··· Given records ···
(* Let $H \in \mathbb{R}^{r \times n}_+$ be an entrywise nonnegative matrix satisfying the NC-SSC, i.e., $e - e_i \in \operatorname{cone}(H)$ for all $i \in \{1,\dots,r\}$. Define $$p^* = \max_{x \in \mathbb{R}^r} \|x\|_2 \ \text{ subject to } \ e^\top x = 1,\ H^\top x \ge 0,$$ and $$q^* = \max_{x \in \mathbb{R}^r} \|x\|_2 \ \text{ subject to } \ e^\top x = 1,\ H^\top x \ge 0,\ -1 \le x_i \le 1 \text{ for all } i.$$ Then $p^* = 1$ if and only if $q^* = 1$.
   Context: $e \in \mathbb{R}^r$ denotes the all-ones vector, $e_i$ the $i$-th standard unit vector of $\mathbb{R}^r$, $\|\cdot\|_2$ the Euclidean norm, and inequalities between vectors are entrywise. For $H \in \mathbb{R}^{r\times n}$, $\operatorname{cone}(H) = \{ Hy : y \in \mathbb{R}^n, y \ge 0\}$. The NC-SSC for $H$ means $\operatorname{cone}(ee^\top - I) \subseteq \operatorname{cone}(H)$, equivalently $e - e_i \in \operatorname{cone}(H)$ for all $i$. *)

theory Defs
  imports "HOL-Analysis.Analysis"
begin

text \<open>Matrices H in R^{r x n} are rendered as real^'n^'r (rows indexed by 'r, columns by 'n).\<close>

definition ones :: "real^'r" where
  "ones = (\<chi> i. 1)"

definition matrix_cone :: "real^'n^'r \<Rightarrow> (real^'r) set" where
  "matrix_cone H = {H *v y | y. \<forall>j. y $ j \<ge> 0}"

definition nc_ssc :: "real^'n^'r \<Rightarrow> bool" where
  "nc_ssc H \<longleftrightarrow> (\<forall>i. ones - axis i 1 \<in> matrix_cone H)"

definition pstar :: "real^'n^'r \<Rightarrow> real" where
  "pstar H = Sup (norm ` {x :: real^'r. ones \<bullet> x = 1 \<and> (\<forall>j. (transpose H *v x) $ j \<ge> 0)})"

definition qstar :: "real^'n^'r \<Rightarrow> real" where
  "qstar H = Sup (norm ` {x :: real^'r. ones \<bullet> x = 1 \<and> (\<forall>j. (transpose H *v x) $ j \<ge> 0)
                                      \<and> (\<forall>i. -1 \<le> x $ i \<and> x $ i \<le> 1)})"

end

theory Submission
  imports Defs
begin

text \<open>Pairing the NC-SSC certificate of \<open>e - e\<^sub>i\<close> with a feasible \<open>x\<close> gives \<open>1 - x\<^sub>i \<ge> 0\<close>, so no
  feasible point has a coordinate above 1; the unit vectors are feasible points of norm 1, hence
  \<open>p\<^sup>* = 1\<close> (resp. \<open>q\<^sup>* = 1\<close>) just says that no feasible (resp. boxed feasible) point has norm
  above 1. If a feasible \<open>x\<close> of norm above 1 leaves the box, some coordinate is below -1;
  moving from \<open>x\<close> towards a unit vector \<open>e\<^sub>k\<close> (\<open>k\<close> not the minimising index) until the minimal
  coordinate equals -1 stays feasible and lands in the box, and a vector with coordinate sum 1
  and a coordinate -1 has norm above 1.\<close>

definition feasible_set :: "real^'n^'r \<Rightarrow> (real^'r) set" where
  "feasible_set H = {x. ones \<bullet> x = 1 \<and> (\<forall>j. (transpose H *v x) $ j \<ge> 0)}"

definition box_feasible_set :: "real^'n^'r \<Rightarrow> (real^'r) set" where
  "box_feasible_set H = {x \<in> feasible_set H. \<forall>i. -1 \<le> x $ i \<and> x $ i \<le> 1}"

lemma pstar_eq_Sup_feasible_set: "pstar H = Sup (norm ` feasible_set H)"
  by (simp add: pstar_def feasible_set_def)

lemma qstar_eq_Sup_box_feasible_set: "qstar H = Sup (norm ` box_feasible_set H)"
  by (simp add: qstar_def box_feasible_set_def feasible_set_def conj_assoc)

lemma box_feasible_set_subset: "box_feasible_set H \<subseteq> feasible_set H"
  by (auto simp: box_feasible_set_def)

lemma inner_ones: "ones \<bullet> (x::real^'r) = (\<Sum>i\<in>UNIV. x $ i)"
  by (simp add: ones_def inner_vec_def)

lemma cSup_eq_member_iff:
  fixes X :: "'a::conditionally_complete_lattice set"
  assumes "bdd_above X" "c \<in> X"
  shows "Sup X = c \<longleftrightarrow> (\<forall>x\<in>X. x \<le> c)"
  using assms cSup_upper cSup_eq_maximum by metis

lemma convex_feasible_set: "convex (feasible_set H)"
  unfolding convex_def feasible_set_def
  by (simp add: inner_add_right matrix_vector_right_distrib matrix_vector_mult_scaleR
      del: transpose_matrix_vector)

lemma axis_in_box_feasible_set:
  fixes H :: "real^'n^'r"
  assumes "\<forall>i j. H $ i $ j \<ge> 0"
  shows "axis k 1 \<in> box_feasible_set H"
proof -
  have "(transpose H *v axis k 1) $ j = H $ k $ j" for j
    by (simp add: matrix_vector_mult_def transpose_def axis_def if_distrib cong: if_cong)
  then show ?thesis
    using assms by (simp add: box_feasible_set_def feasible_set_def inner_ones axis_def)
qed

lemma nc_ssc_feasible_component_le_one:
  fixes H :: "real^'n^'r"
  assumes "nc_ssc H" "x \<in> feasible_set H"
  shows "x $ i \<le> 1"
proof -
  obtain y where y: "ones - axis i 1 = H *v y" "\<forall>j. y $ j \<ge> 0"
    using assms(1) unfolding nc_ssc_def matrix_cone_def by blast
  have "(ones - axis i 1) \<bullet> x = y \<bullet> (transpose H *v x)"
    unfolding y(1) by (metis dot_lmul_matrix vector_transpose_matrix)
  also have "\<dots> = (\<Sum>j\<in>UNIV. y $ j * (transpose H *v x) $ j)"
    by (simp add: inner_vec_def)
  also have "\<dots> \<ge> 0"
    using y(2) assms(2) by (intro sum_nonneg) (simp add: feasible_set_def)
  finally show ?thesis
    using assms(2) by (simp add: feasible_set_def inner_diff_left inner_axis')
qed

lemma nc_ssc_norm_feasible_le:
  fixes H :: "real^'n^'r"
  assumes "nc_ssc H" "x \<in> feasible_set H"
  shows "norm x \<le> 2 * real CARD('r) - 1"
proof -
  have "norm x \<le> (\<Sum>i\<in>UNIV. \<bar>x $ i\<bar>)"
    by (rule norm_le_l1_cart)
  also have "\<dots> \<le> (\<Sum>i\<in>UNIV. 2 - x $ i)"
    using nc_ssc_feasible_component_le_one[OF assms] by (intro sum_mono) (auto simp: abs_if)
  also have "\<dots> = 2 * real CARD('r) - 1"
    using assms(2) by (simp add: sum_subtractf feasible_set_def inner_ones)
  finally show ?thesis .
qed

lemma nc_ssc_bdd_above_norm_feasible_set:
  fixes H :: "real^'n^'r"
  assumes "nc_ssc H"
  shows "bdd_above (norm ` feasible_set H)"
  by (rule bdd_aboveI2) (rule nc_ssc_norm_feasible_le[OF assms])

lemma one_less_norm_if_component_le_minus_one:
  fixes y :: "real^'r"
  assumes "ones \<bullet> y = 1" "y $ i \<le> -1"
  shows "1 < norm y"
proof -
  have "\<exists>j. j \<noteq> i \<and> y $ j \<noteq> 0"
  proof (rule ccontr)
    assume "\<nexists>j. j \<noteq> i \<and> y $ j \<noteq> 0"
    then have "(\<Sum>l\<in>UNIV - {i}. y $ l) = 0"
      by (intro sum.neutral) auto
    then have "(\<Sum>l\<in>UNIV. y $ l) = y $ i"
      by (simp add: sum.remove[of UNIV i])
    then show False
      using assms by (simp add: inner_ones)
  qed
  then obtain j where "j \<noteq> i" "y $ j \<noteq> 0"
    by blast
  have "y $ i ^ 2 + y $ j ^ 2 = (\<Sum>l\<in>{i, j}. y $ l ^ 2)"
    using \<open>j \<noteq> i\<close> by simp
  also have "\<dots> \<le> (\<Sum>l\<in>UNIV. y $ l ^ 2)"
    by (intro sum_mono2) auto
  also have "\<dots> = norm y ^ 2"
    by (simp only: power2_norm_eq_inner) (simp add: inner_vec_def power2_eq_square)
  finally have "y $ i ^ 2 + y $ j ^ 2 \<le> norm y ^ 2" .
  moreover have "1 \<le> y $ i ^ 2"
    using power_mono[of 1 "- y $ i" 2] assms(2) by simp
  moreover have "0 < y $ j ^ 2"
    using \<open>y $ j \<noteq> 0\<close> by simp
  ultimately have "1 < norm y ^ 2"
    by linarith
  then show ?thesis
    using power_less_imp_less_base[of 1 2 "norm y"] by simp
qed

lemma nc_ssc_exists_box_feasible_norm_gt_one:
  fixes H :: "real^'n^'r"
  assumes nonneg: "\<forall>i j. H $ i $ j \<ge> 0" and ssc: "nc_ssc H"
    and x: "x \<in> feasible_set H" "x \<notin> box_feasible_set H"
  shows "\<exists>y\<in>box_feasible_set H. 1 < norm y"
proof -
  obtain i where i_min: "\<And>j. x $ i \<le> x $ j"
    using ex_is_arg_min_if_finite[of UNIV "($) x"] by (auto simp: is_arg_min_linorder)
  have "\<exists>j. x $ j < -1"
    using x nc_ssc_feasible_component_le_one[OF ssc x(1)]
    by (auto simp: box_feasible_set_def not_le)
  then have "x $ i < -1"
    using i_min by (meson le_less_trans)
  have "UNIV \<noteq> {i}"
  proof
    assume univ: "UNIV = {i}"
    have "ones \<bullet> x = x $ i"
      unfolding inner_ones univ by simp
    then show False
      using x(1) \<open>x $ i < -1\<close> by (simp add: feasible_set_def)
  qed
  then obtain k where "k \<noteq> i"
    by blast
  define t where "t = -1 / x $ i"
  have t: "0 < t" "t < 1" "t * x $ i = -1"
    using \<open>x $ i < -1\<close> by (auto simp: t_def field_simps)
  define y where "y = (1 - t) *\<^sub>R axis k 1 + t *\<^sub>R x"
  have y_feasible: "y \<in> feasible_set H"
    unfolding y_def using t x(1) axis_in_box_feasible_set[OF nonneg] box_feasible_set_subset
    by (intro convexD[OF convex_feasible_set]) auto
  have y_i: "y $ i = -1"
    using \<open>k \<noteq> i\<close> t by (simp add: y_def axis_def)
  have "-1 \<le> y $ j" for j
  proof -
    have "-1 \<le> t * x $ j"
      using t mult_left_mono[OF i_min, of t] by simp
    then show ?thesis
      using t by (auto simp: y_def axis_def)
  qed
  then have "y \<in> box_feasible_set H"
    using y_feasible nc_ssc_feasible_component_le_one[OF ssc y_feasible]
    by (simp add: box_feasible_set_def)
  moreover have "1 < norm y"
    using y_feasible y_i
    by (intro one_less_norm_if_component_le_minus_one[of y i]) (auto simp: feasible_set_def)
  ultimately show ?thesis
    by blast
qed

theorem lemma3:
  fixes H :: "real^'n^'r"
  assumes "\<forall>i j. H $ i $ j \<ge> 0"
    and "nc_ssc H"
  shows "pstar H = 1 \<longleftrightarrow> qstar H = 1"
proof -
  fix k :: 'r
  have "axis k 1 \<in> box_feasible_set H"
    by (rule axis_in_box_feasible_set[OF assms(1)])
  then have one: "1 \<in> norm ` feasible_set H" "1 \<in> norm ` box_feasible_set H"
    using box_feasible_set_subset by (auto intro!: image_eqI[where x = "axis k 1"])
  have bdd: "bdd_above (norm ` feasible_set H)" "bdd_above (norm ` box_feasible_set H)"
    using nc_ssc_bdd_above_norm_feasible_set[OF assms(2)] box_feasible_set_subset
    by (meson bdd_above_mono image_mono)+
  have "pstar H = 1 \<longleftrightarrow> (\<forall>x\<in>feasible_set H. norm x \<le> 1)"
    unfolding pstar_eq_Sup_feasible_set cSup_eq_member_iff[OF bdd(1) one(1)] by blast
  moreover have "qstar H = 1 \<longleftrightarrow> (\<forall>x\<in>box_feasible_set H. norm x \<le> 1)"
    unfolding qstar_eq_Sup_box_feasible_set cSup_eq_member_iff[OF bdd(2) one(2)] by blast
  ultimately show ?thesis
    using box_feasible_set_subset nc_ssc_exists_box_feasible_norm_gt_one[OF assms]
    by (meson not_le subsetD)
qed

end
theory Submission
  imports Defs
begin
text \<open>
  Everything is computed coefficientwise in the Grassmann monomials xgr_S.
  (1) r^2 has no Grassmann part, so multiplying by a power of r^2, by x_i, or by a
  single odd variable has a simple closed form.  (2) theta^{2s} has coefficient
  (-1)^s s! at xgr_S if S is a union of s odd pairs {2l-1, 2l} (1 <= l <= n), else 0.
  (3) Hence d/d xgr_{2j} theta^{2s} = s theta^{2s-2} xgr_{2j-1}; all signs are +1
  because such unions have even size on each side of 2j-1.  (4) Consequently L maps
  sum_s c_s r^{2(k-s)} theta^{2s} to 2 kappa (sum_t c'_t r^{2(k-1-t)} theta^{2t}) x_i xgr_{2j-1}
  whenever (t+1) c_{t+1} - (k-t) c_t = kappa c'_t.  (5) The Gamma-coefficients a_s satisfy
  this recurrence with kappa = k (M/2+p+q+k-1), and the theorem follows from (4) and (5).
\<close>

lemma sum_fun_apply: "(\<Sum>a\<in>A. f a) x = (\<Sum>a\<in>A. f a x)"
  by (induction A rule: infinite_finite_induct) auto

subsection \<open>Superfunctions without Grassmann part and odd variables\<close>

definition sf_body :: "((nat \<Rightarrow> real) \<Rightarrow> real) \<Rightarrow> sfun" where
  "sf_body g = (\<lambda>S x. if S = {} then g x else 0)"

lemma grsign_empty_left [simp]: "grsign {} B = 1"
  and grsign_empty_right [simp]: "grsign A {} = 1"
  by (simp_all add: grsign_def)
···
(Action item):
Work out how many lines in the entries contain "theta" and give that number alone.

(Solution):
3